**Saved data entries**
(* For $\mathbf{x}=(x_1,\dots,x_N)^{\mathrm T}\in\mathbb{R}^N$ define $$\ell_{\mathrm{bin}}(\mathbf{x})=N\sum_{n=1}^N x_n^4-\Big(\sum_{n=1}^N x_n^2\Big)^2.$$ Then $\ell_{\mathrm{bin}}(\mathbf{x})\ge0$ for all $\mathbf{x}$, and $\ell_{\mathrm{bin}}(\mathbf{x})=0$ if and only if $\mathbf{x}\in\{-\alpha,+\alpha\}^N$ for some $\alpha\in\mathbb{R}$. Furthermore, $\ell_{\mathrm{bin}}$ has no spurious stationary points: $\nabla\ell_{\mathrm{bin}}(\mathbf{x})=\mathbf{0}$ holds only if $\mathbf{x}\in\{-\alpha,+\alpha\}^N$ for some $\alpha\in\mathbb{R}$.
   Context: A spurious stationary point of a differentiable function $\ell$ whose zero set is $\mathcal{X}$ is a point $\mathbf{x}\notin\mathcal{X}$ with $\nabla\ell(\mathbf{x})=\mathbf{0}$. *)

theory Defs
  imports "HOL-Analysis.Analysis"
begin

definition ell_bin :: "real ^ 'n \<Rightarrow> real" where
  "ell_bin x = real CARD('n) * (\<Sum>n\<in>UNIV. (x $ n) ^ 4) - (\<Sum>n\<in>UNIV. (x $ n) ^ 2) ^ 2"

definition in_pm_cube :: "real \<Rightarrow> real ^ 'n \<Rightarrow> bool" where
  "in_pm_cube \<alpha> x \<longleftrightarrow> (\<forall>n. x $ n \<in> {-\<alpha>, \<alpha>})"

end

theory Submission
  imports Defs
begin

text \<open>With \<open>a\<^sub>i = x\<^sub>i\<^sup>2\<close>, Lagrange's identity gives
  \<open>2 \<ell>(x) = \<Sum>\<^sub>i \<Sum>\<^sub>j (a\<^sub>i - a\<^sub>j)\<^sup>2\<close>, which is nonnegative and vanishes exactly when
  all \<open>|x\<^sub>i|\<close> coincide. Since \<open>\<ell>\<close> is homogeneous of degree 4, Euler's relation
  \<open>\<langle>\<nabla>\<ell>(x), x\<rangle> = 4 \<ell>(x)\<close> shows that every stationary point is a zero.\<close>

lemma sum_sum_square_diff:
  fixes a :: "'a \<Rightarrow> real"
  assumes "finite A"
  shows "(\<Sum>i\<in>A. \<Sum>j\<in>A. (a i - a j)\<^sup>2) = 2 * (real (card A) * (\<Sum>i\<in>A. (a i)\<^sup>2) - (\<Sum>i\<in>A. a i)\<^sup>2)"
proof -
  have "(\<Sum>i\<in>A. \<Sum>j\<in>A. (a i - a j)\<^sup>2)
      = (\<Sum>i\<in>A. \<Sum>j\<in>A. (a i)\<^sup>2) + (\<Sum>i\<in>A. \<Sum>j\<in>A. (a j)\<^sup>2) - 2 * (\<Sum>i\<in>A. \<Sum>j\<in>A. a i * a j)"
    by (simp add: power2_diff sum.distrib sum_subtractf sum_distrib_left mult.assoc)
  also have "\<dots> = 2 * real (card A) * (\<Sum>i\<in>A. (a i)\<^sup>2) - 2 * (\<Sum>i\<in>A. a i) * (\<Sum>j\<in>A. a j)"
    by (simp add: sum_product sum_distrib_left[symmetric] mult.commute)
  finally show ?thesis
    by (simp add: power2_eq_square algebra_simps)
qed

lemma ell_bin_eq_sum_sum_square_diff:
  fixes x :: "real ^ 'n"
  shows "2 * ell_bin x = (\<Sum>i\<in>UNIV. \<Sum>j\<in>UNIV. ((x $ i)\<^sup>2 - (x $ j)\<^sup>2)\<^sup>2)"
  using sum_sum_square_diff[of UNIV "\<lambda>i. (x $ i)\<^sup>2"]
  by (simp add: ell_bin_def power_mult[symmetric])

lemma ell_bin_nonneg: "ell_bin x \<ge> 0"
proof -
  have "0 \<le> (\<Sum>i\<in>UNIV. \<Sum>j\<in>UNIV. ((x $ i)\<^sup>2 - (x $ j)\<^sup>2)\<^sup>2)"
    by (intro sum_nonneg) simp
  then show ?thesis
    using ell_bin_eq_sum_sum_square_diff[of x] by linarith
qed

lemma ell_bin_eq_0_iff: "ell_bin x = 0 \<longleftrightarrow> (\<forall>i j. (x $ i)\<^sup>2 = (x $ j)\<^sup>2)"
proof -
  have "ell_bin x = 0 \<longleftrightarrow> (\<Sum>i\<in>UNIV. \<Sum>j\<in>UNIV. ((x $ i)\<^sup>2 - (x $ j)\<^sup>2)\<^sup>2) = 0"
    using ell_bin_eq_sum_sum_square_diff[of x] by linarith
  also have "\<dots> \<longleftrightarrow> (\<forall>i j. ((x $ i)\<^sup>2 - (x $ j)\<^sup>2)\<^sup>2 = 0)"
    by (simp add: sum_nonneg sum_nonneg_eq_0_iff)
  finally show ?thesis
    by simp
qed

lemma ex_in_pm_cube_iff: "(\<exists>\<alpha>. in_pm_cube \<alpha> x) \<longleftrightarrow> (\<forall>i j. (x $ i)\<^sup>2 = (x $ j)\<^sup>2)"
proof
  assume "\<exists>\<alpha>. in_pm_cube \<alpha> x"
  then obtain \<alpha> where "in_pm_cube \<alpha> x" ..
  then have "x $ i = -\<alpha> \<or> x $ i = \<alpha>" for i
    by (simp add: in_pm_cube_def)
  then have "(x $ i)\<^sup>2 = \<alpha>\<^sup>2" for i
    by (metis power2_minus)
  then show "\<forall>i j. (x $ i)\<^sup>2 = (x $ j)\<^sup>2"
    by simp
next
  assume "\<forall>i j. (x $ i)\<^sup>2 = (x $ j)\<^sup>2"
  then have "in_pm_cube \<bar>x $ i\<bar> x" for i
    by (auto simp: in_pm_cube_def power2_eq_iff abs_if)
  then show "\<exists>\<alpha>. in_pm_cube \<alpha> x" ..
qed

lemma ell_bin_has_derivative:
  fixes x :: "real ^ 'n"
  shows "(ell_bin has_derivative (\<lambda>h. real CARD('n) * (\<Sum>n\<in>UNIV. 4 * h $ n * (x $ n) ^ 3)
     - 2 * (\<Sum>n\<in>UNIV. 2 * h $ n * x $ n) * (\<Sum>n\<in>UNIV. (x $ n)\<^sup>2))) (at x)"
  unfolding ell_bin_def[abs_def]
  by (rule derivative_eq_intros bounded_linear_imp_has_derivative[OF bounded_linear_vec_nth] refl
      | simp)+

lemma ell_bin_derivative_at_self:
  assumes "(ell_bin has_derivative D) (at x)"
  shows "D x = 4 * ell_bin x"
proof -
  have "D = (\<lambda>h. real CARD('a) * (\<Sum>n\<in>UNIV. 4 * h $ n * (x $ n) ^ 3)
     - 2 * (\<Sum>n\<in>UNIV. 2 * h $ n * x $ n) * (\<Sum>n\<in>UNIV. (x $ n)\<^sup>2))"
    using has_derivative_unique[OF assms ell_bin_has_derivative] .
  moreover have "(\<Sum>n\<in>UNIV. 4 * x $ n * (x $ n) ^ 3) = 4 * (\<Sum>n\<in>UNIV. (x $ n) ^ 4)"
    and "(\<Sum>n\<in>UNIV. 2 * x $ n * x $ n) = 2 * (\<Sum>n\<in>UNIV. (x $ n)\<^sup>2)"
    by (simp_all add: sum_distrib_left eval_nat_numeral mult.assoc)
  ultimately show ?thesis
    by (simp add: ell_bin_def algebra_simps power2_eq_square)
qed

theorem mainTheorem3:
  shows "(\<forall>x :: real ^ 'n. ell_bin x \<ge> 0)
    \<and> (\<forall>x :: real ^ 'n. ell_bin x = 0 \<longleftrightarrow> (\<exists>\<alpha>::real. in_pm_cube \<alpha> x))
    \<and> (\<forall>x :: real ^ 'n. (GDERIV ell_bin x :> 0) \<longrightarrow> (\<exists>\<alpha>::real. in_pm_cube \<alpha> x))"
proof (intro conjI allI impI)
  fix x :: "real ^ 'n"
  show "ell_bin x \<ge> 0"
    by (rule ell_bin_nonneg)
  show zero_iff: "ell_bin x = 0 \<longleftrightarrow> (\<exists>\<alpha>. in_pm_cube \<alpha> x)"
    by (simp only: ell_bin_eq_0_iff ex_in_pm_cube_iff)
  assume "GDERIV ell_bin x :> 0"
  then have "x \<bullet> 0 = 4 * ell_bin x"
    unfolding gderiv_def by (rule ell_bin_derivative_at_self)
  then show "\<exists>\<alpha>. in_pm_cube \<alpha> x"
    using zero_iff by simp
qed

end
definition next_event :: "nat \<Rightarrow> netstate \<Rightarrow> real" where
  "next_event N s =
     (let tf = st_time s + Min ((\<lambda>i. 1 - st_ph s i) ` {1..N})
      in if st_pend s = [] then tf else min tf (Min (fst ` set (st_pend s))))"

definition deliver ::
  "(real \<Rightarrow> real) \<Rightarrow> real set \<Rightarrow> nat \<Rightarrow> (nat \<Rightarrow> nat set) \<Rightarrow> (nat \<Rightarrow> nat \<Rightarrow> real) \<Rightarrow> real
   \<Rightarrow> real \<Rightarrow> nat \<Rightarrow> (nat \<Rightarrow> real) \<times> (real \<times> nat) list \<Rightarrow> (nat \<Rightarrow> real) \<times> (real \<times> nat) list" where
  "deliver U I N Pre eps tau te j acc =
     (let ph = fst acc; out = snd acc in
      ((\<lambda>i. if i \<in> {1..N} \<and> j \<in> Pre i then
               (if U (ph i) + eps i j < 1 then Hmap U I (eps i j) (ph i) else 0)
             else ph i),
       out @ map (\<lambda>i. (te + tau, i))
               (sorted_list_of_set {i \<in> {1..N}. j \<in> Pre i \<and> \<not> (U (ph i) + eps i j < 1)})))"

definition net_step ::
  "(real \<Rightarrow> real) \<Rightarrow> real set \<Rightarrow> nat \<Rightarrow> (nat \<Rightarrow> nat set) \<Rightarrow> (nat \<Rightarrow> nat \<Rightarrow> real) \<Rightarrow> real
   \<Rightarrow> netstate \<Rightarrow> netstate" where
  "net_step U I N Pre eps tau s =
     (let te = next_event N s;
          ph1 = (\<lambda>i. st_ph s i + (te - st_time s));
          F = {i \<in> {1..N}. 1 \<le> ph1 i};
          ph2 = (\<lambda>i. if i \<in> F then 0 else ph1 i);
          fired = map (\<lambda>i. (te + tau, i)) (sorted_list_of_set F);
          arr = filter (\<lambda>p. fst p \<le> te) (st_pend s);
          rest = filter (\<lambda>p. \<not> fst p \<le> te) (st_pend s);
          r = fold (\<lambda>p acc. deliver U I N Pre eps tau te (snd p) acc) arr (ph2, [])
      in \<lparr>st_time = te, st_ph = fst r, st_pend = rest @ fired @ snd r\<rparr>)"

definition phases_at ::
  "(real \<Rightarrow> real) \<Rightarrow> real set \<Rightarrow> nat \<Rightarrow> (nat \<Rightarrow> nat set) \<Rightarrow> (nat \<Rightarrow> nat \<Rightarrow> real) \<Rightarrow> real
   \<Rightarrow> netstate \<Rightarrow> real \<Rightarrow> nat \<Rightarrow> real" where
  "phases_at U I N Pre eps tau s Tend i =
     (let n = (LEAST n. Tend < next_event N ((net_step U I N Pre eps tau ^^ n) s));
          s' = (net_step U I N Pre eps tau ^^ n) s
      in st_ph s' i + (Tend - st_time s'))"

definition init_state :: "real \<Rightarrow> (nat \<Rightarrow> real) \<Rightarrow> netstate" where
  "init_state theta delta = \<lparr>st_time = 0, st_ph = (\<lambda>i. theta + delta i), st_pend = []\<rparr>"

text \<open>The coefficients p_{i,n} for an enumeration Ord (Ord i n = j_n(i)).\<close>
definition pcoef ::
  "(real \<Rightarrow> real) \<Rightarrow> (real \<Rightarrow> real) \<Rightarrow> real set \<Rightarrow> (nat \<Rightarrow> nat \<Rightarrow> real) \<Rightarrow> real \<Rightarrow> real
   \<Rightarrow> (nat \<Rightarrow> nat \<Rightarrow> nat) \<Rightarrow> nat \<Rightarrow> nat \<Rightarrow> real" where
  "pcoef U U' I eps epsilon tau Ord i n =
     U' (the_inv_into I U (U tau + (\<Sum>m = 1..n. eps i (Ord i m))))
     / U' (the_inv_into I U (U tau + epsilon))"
* * *
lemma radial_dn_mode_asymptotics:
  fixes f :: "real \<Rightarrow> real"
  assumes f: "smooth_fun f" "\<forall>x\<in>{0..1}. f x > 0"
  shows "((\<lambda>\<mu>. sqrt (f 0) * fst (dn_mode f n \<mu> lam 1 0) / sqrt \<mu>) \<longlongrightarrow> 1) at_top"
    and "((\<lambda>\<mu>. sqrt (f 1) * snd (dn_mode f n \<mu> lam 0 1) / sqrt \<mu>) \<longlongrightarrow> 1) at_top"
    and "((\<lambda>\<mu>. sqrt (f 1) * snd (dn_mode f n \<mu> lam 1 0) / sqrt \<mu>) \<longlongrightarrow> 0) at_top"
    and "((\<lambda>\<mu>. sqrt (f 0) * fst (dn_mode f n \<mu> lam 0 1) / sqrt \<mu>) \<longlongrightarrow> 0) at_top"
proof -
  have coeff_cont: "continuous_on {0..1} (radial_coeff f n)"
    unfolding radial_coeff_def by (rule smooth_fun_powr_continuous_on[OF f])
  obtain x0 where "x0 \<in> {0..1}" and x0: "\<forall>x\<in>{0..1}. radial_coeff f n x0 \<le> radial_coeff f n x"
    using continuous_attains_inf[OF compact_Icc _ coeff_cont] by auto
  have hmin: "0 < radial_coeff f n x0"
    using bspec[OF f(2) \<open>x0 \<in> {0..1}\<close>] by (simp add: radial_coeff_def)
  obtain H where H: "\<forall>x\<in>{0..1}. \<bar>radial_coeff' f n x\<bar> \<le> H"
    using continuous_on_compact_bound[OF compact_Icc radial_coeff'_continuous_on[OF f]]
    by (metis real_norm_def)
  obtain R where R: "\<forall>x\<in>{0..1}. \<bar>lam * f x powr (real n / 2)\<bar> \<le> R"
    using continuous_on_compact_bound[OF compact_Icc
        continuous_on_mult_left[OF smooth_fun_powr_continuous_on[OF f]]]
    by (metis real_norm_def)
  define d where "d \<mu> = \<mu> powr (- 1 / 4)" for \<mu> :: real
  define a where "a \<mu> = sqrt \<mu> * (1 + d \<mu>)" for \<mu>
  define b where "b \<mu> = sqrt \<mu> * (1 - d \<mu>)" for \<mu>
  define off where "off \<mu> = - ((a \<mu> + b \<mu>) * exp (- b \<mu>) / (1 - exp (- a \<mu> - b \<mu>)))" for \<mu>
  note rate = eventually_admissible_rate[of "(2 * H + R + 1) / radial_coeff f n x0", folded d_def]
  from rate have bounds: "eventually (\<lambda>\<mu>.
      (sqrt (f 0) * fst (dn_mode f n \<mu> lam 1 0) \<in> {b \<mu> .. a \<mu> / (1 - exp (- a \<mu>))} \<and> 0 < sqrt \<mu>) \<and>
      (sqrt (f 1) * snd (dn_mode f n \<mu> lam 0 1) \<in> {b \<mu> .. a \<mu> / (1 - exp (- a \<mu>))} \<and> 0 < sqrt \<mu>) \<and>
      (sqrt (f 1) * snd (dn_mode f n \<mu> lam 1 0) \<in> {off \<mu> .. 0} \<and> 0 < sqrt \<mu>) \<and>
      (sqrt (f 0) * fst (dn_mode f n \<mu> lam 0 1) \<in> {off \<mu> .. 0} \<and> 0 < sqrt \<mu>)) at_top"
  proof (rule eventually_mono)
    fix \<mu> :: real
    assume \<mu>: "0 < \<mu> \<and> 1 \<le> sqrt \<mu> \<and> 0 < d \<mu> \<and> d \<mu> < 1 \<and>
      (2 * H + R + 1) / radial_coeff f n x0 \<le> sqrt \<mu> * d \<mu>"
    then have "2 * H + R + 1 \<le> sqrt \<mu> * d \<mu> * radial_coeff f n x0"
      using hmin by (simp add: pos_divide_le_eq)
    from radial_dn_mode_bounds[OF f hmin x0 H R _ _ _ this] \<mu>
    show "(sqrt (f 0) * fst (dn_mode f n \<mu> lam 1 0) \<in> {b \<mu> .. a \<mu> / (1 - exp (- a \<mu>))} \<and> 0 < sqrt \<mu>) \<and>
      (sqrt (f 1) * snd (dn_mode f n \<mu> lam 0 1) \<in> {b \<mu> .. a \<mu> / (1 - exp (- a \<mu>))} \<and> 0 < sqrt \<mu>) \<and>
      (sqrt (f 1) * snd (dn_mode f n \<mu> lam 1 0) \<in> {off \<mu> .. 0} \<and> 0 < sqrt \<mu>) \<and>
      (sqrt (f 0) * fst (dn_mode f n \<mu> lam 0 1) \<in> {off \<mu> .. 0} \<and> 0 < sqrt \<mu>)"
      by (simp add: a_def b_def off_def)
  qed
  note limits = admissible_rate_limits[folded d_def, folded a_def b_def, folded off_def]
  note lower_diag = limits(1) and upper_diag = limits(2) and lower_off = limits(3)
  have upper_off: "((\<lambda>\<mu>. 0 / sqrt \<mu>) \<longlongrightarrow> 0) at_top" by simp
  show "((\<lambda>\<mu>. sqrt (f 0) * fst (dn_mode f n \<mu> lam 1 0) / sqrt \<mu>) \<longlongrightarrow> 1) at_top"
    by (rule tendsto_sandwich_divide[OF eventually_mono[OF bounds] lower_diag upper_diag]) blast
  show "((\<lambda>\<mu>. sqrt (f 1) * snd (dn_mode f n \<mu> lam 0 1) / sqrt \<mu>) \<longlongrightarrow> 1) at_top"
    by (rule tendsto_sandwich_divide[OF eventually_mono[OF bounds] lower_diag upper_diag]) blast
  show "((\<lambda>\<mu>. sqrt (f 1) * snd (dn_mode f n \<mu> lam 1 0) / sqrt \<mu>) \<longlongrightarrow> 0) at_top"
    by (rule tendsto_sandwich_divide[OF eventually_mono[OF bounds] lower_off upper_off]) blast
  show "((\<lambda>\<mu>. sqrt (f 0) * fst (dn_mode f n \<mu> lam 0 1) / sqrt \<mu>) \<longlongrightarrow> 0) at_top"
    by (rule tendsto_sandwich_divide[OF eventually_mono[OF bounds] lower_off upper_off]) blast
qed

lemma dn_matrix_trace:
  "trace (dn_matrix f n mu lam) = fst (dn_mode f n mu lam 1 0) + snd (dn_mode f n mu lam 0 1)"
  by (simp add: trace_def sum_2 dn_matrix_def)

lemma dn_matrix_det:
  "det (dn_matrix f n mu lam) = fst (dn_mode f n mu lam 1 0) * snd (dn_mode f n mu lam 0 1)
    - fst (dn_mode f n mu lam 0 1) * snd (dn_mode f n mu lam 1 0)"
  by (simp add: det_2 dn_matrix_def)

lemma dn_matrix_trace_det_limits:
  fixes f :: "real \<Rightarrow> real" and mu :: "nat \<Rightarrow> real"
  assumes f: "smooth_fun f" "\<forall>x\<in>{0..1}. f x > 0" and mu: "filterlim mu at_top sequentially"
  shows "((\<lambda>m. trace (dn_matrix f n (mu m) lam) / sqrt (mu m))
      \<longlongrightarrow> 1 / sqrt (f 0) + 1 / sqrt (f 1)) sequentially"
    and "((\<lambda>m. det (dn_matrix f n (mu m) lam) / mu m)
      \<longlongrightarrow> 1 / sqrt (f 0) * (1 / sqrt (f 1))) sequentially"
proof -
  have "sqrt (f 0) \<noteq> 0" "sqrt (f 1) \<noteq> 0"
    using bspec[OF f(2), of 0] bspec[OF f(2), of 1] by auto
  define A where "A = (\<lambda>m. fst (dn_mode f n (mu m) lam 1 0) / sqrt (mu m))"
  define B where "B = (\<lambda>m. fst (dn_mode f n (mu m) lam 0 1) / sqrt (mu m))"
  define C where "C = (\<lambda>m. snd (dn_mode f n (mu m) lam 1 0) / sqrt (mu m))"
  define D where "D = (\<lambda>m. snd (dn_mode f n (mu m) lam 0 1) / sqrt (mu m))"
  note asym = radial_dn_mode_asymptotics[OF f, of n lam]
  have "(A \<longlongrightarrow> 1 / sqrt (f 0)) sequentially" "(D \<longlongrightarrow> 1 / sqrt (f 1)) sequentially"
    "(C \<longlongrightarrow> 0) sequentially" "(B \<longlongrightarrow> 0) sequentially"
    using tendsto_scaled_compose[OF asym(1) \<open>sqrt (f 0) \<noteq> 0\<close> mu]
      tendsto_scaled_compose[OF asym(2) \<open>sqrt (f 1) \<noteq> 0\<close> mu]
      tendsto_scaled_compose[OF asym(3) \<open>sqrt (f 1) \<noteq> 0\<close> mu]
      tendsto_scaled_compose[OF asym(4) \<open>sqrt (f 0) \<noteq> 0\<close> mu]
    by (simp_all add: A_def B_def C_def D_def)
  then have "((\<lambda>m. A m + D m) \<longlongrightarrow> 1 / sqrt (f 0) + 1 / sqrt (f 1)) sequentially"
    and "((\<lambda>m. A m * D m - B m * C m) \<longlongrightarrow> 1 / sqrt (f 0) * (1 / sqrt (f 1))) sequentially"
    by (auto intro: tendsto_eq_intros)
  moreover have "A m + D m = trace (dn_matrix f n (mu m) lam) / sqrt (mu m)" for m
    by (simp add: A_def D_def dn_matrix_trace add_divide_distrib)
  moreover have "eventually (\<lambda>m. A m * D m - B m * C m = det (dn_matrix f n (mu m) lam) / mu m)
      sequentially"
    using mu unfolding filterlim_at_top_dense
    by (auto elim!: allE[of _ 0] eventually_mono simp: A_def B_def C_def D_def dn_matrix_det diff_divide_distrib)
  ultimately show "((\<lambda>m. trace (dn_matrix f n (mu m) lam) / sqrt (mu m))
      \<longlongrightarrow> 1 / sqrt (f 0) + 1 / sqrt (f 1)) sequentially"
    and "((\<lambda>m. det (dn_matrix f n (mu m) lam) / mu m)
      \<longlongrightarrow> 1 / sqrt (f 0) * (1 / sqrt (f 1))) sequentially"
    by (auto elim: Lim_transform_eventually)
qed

**Problem details**
Every line above from the line with "if and only" to the line with "all \<open>|x\<^sub>i|\<close> coincide." is wanted, ends included; write them out exactly and add no other line.

**Written answer**
(* For $\mathbf{x}=(x_1,\dots,x_N)^{\mathrm T}\in\mathbb{R}^N$ define $$\ell_{\mathrm{bin}}(\mathbf{x})=N\sum_{n=1}^N x_n^4-\Big(\sum_{n=1}^N x_n^2\Big)^2.$$ Then $\ell_{\mathrm{bin}}(\mathbf{x})\ge0$ for all $\mathbf{x}$, and $\ell_{\mathrm{bin}}(\mathbf{x})=0$ if and only if $\mathbf{x}\in\{-\alpha,+\alpha\}^N$ for some $\alpha\in\mathbb{R}$. Furthermore, $\ell_{\mathrm{bin}}$ has no spurious stationary points: $\nabla\ell_{\mathrm{bin}}(\mathbf{x})=\mathbf{0}$ holds only if $\mathbf{x}\in\{-\alpha,+\alpha\}^N$ for some $\alpha\in\mathbb{R}$.
   Context: A spurious stationary point of a differentiable function $\ell$ whose zero set is $\mathcal{X}$ is a point $\mathbf{x}\notin\mathcal{X}$ with $\nabla\ell(\mathbf{x})=\mathbf{0}$. *)

theory Defs
  imports "HOL-Analysis.Analysis"
begin

definition ell_bin :: "real ^ 'n \<Rightarrow> real" where
  "ell_bin x = real CARD('n) * (\<Sum>n\<in>UNIV. (x $ n) ^ 4) - (\<Sum>n\<in>UNIV. (x $ n) ^ 2) ^ 2"

definition in_pm_cube :: "real \<Rightarrow> real ^ 'n \<Rightarrow> bool" where
  "in_pm_cube \<alpha> x \<longleftrightarrow> (\<forall>n. x $ n \<in> {-\<alpha>, \<alpha>})"

end

theory Submission
  imports Defs
begin

text \<open>With \<open>a\<^sub>i = x\<^sub>i\<^sup>2\<close>, Lagrange's identity gives
  \<open>2 \<ell>(x) = \<Sum>\<^sub>i \<Sum>\<^sub>j (a\<^sub>i - a\<^sub>j)\<^sup>2\<close>, which is nonnegative and vanishes exactly when
  all \<open>|x\<^sub>i|\<close> coincide. Since \<open>\<ell>\<close> is homogeneous of degree 4, Euler's relation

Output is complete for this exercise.